A caricatura de um crime que deu que falar sem nunca ter existido, mostra a facilidade com que alguns círculos das redes sociais fazem acusações infundadas. Em casos como este, uma das vítimas da verdade costuma ser o estabelecimento de uma suposta relação com o aumento do número de imigrantes.

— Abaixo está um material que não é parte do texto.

(* Let $\mathcal A=\mathcal A(\mathbb T^2_\theta)$ with the spectral triple and one-form module $\mathcal E$ described below, let $g_0$ be the metric with $g_0(e_i\otimes_{\mathcal A}e_j)=\delta_{ij}1$, let $k\in\mathcal A$ be invertible and $g=kg_0$, and let $\nabla$ be the Levi-Civita connection of $g$ with Christoffel symbols $\Gamma^i_{jk}$. Then $$\mathrm{Ric}(e_1,e_1)=\mathrm{Ric}(e_2,e_2)=-\tfrac12\big(k^{-1}(\partial_1^2+\partial_2^2)(k)+\partial_1(k^{-1})\partial_1(k)+\partial_2(k^{-1})\partial_2(k)\big),$$ $$\mathrm{Ric}(e_1,e_2)=-\mathrm{Ric}(e_2,e_1)=\tfrac12\big(\partial_1(k^{-1})\partial_2(k)-\partial_2(k^{-1})\partial_1(k)\big),$$ $$\mathrm{Scal}=-(\partial_1^2+\partial_2^2)(k)-k\big(\partial_2(k^{-1})\partial_2(k)+\partial_1(k^{-1})\partial_1(k)\big).$$
   Context: $\mathcal A(\mathbb T^2_\theta)$ is the $*$-algebra generated by unitaries $U,V$ with $UV=e^{2\pi i\theta}VU$; $d_1,d_2$ are the derivations with $d_1U=U,d_1V=0,d_2U=0,d_2V=V$; $\tau$ the canonical faithful trace; $\mathcal H=L^2(\tau)\oplus L^2(\tau)$ with $\mathcal A$ acting diagonally and $D=\begin{pmatrix}0&d_1+id_2\\ d_1-id_2&0\end{pmatrix}$; $d(a)=\sqrt{-1}[D,a]$. The one-form module $\mathcal E$ (span of $a[D,b]$) is free as a right module with central basis $e_1=\begin{pmatrix}0&1\\1&0\end{pmatrix}$, $e_2=\begin{pmatrix}0&i\\-i&0\end{pmatrix}$ (acting on the $\mathbb C^2$ factor), $d(e_1)=d(e_2)=0$, and $d(a)=e_1\partial_1(a)+e_2\partial_2(a)$ where $\partial_1,\partial_2$ are the commuting derivations with $\partial_1U=iU,\partial_1V=0,\partial_2U=0,\partial_2V=iV$. This module satisfies the framework assumptions, with $\sigma(e_i\otimes e_j)=e_j\otimes e_i$ and $m(e_i\otimes e_j)=-m(e_j\otimes e_i)$. Framework: a connection is a $\mathbb C$-linear $\nabla:\mathcal E\to\mathcal E\otimes_{\mathcal A}\mathcal E$ with $\nabla(\omega a)=\nabla(\omega)a+\omega\otimes da$; torsionless if $m\circ\nabla=d$ ($d$ extended to one-forms by $d(\sum a_i\,db_i)=\sum m(da_i\otimes db_i)$); compatible with a metric $g$ if for central $\omega,\eta$: $d(g(\omega\otimes\eta))=(g\otimes\mathrm{id})(\mathrm{id}\otimes\sigma)(\nabla\omega\otimes\eta+\nabla\eta\otimes\omega)$; Levi-Civita = torsionless and compatible (it exists uniquely here). Christoffel symbols: $\nabla(e_i)=\sum_{j,l}e_j\otimes e_l\Gamma^i_{jl}$. In this free setting the Ricci curvature is $\mathrm{Ric}=\sum_{j,l}e_j\otimes e_l\,\mathrm{Ric}(e_j,e_l)$ with $\mathrm{Ric}(e_j,e_l)=\sum_i\big[\sum_p(\Gamma^p_{ji}\Gamma^i_{pl}-\Gamma^p_{jl}\Gamma^i_{pi})-\partial_l(\Gamma^i_{ji})+\partial_i(\Gamma^i_{jl})\big]$, and the scalar curvature is $\mathrm{Scal}=\sum_{j,l}g(e_j\otimes e_l)\mathrm{Ric}(e_j,e_l)$. *)

theory Defs
  imports Complex_Main
begin
(* Let $R$ be a ring and let $P$ be a polygon divided into subpolygons $P^1,\ldots,P^{\kappa+1}$ by the dissection $E=\{(t_1,v_1),(v_1,t_1),\ldots,(t_\kappa,v_\kappa),(v_\kappa,t_\kappa)\}$ for some $\kappa\geqslant0$. For each $\alpha$ let $c^\alpha:\operatorname{diag}P^\alpha\to R^*$ be a frieze, and assume $c^\alpha_{tv}=c^\beta_{tv}$ whenever $(t,v)\in E\cap\operatorname{diag}P^\alpha\cap\operatorname{diag}P^\beta$. Then there exists a unique map $c:\operatorname{diag}P\to R$ such that (i) $c|_{\operatorname{diag}P^\alpha}=c^\alpha$ for each $\alpha$, and (ii) $c$ is a weak frieze with respect to $E$. Moreover, if this $c$ takes all its values in $R^*$, then $c$ is a frieze.
   Context: $R^*$ denotes the invertible elements of $R$. A polygon $P$ is a finite set of at least three vertices with a cyclic ordering (thought of as a convex polygon in the plane); a subpolygon is a subset of at least three vertices with the induced cyclic ordering. $\operatorname{diag}P$ is the set of ordered pairs of distinct vertices (diagonals). A diagonal is an edge if its endpoints are neighbours, otherwise internal. $(i,k)$ and $(j,\ell)$ cross if $i,j,k,\ell$ are pairwise distinct with $i<j<k<\ell$ or $i<\ell<k<j$ cyclically. A dissection is a set of internal diagonals closed under reversal with no two crossing; it divides $P$ into the subpolygons whose edges are diagonals in the dissection or edges of $P$. Write $c_{ik}=c(i,k)$, $c_{xx}=0$. A map $c:\operatorname{diag}P\to R^*$ is a frieze if for all pairwise distinct $i,j,k$: $c_{ij}c_{kj}^{-1}c_{ki}=c_{ik}c_{jk}^{-1}c_{ji}$, and whenever $(i,k)$ and $(j,\ell)$ cross: $c_{ik}=c_{ij}c_{\ell j}^{-1}c_{\ell k}+c_{i\ell}c_{j\ell}^{-1}c_{jk}$. A map $c:\operatorname{diag}P\to R$ is a weak frieze with respect to a dissection $D$ if $c_{tv}\in R^*$ for $(t,v)\in D$ and whenever $(i,k)$ crosses $(t,v)$ with $(t,v),(v,t)\in D$, $c_{ik}=c_{it}c_{vt}^{-1}c_{vk}+c_{iv}c_{tv}^{-1}c_{tk}$. *)

theory Defs
  imports Main
begin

Crónica de um crime imaginário
Recentemente em Braga, dois homens
numa moto lá para os lados da mesma Falperra onde antanho atacava o temível Zé do Telhado,
ameaçaram com pistola e roubaram um supostamente honesto cidadão. Ter-lhe-ão levando
carteira, dinheiro e documentos. A notícia saiu no jornal digital Minho
e no Correio da Manhã. Só no primeiro gerou 523 comentários e 230
partilhas. De entre tantos destaco alguns:
“Os primeiros
a acordar e a ver o que se passava, eram insultados e apelidados de xenófobos,
pois bem, olhando para a frequência com que os crimes ocorrem nesta cidade
atualmente, comparado há uns 4 anos, é tudo coincidências”.
“O Marcelo
falou em reparação as ex-colónias, eles só estão a antecipar, e depois não são
estrangeiros, eles ainda não pisaram o solo português que já têm um cartão de
cidadão português ... assim nem podem ser extraditados”.
“Obrigado PS e
PSD por esta imigração descontrolada”.
“Enquanto não
fecharem portas a esta emigração excessiva , o país vai ter cada vez mais
crimes !! Esta cidade está cheia de criminosos”.
“É Braguil”
“Olhando ao
modus operandi não me parece difícil perceber a origem.. Triste ver o meu país
a ficar sem rumo!”
“Qual era a
nacionalidade ou etnia???? Ponham sem medo
“Isso é filmes à Brasil”
Poderia destacar muitos mais (ver
aqui), com o mesmo tipo de afirmações acusatórias. Tudo isto por um crime
que… afinal não aconteceu!
O violento assalto que antes
de existir já não existiu
Três dias depois e no mesmo
jornal ficávamos a saber que “Homem inventou que foi assaltado de pistola por
dupla de mota em Braga. Só queria boleia da PSP”.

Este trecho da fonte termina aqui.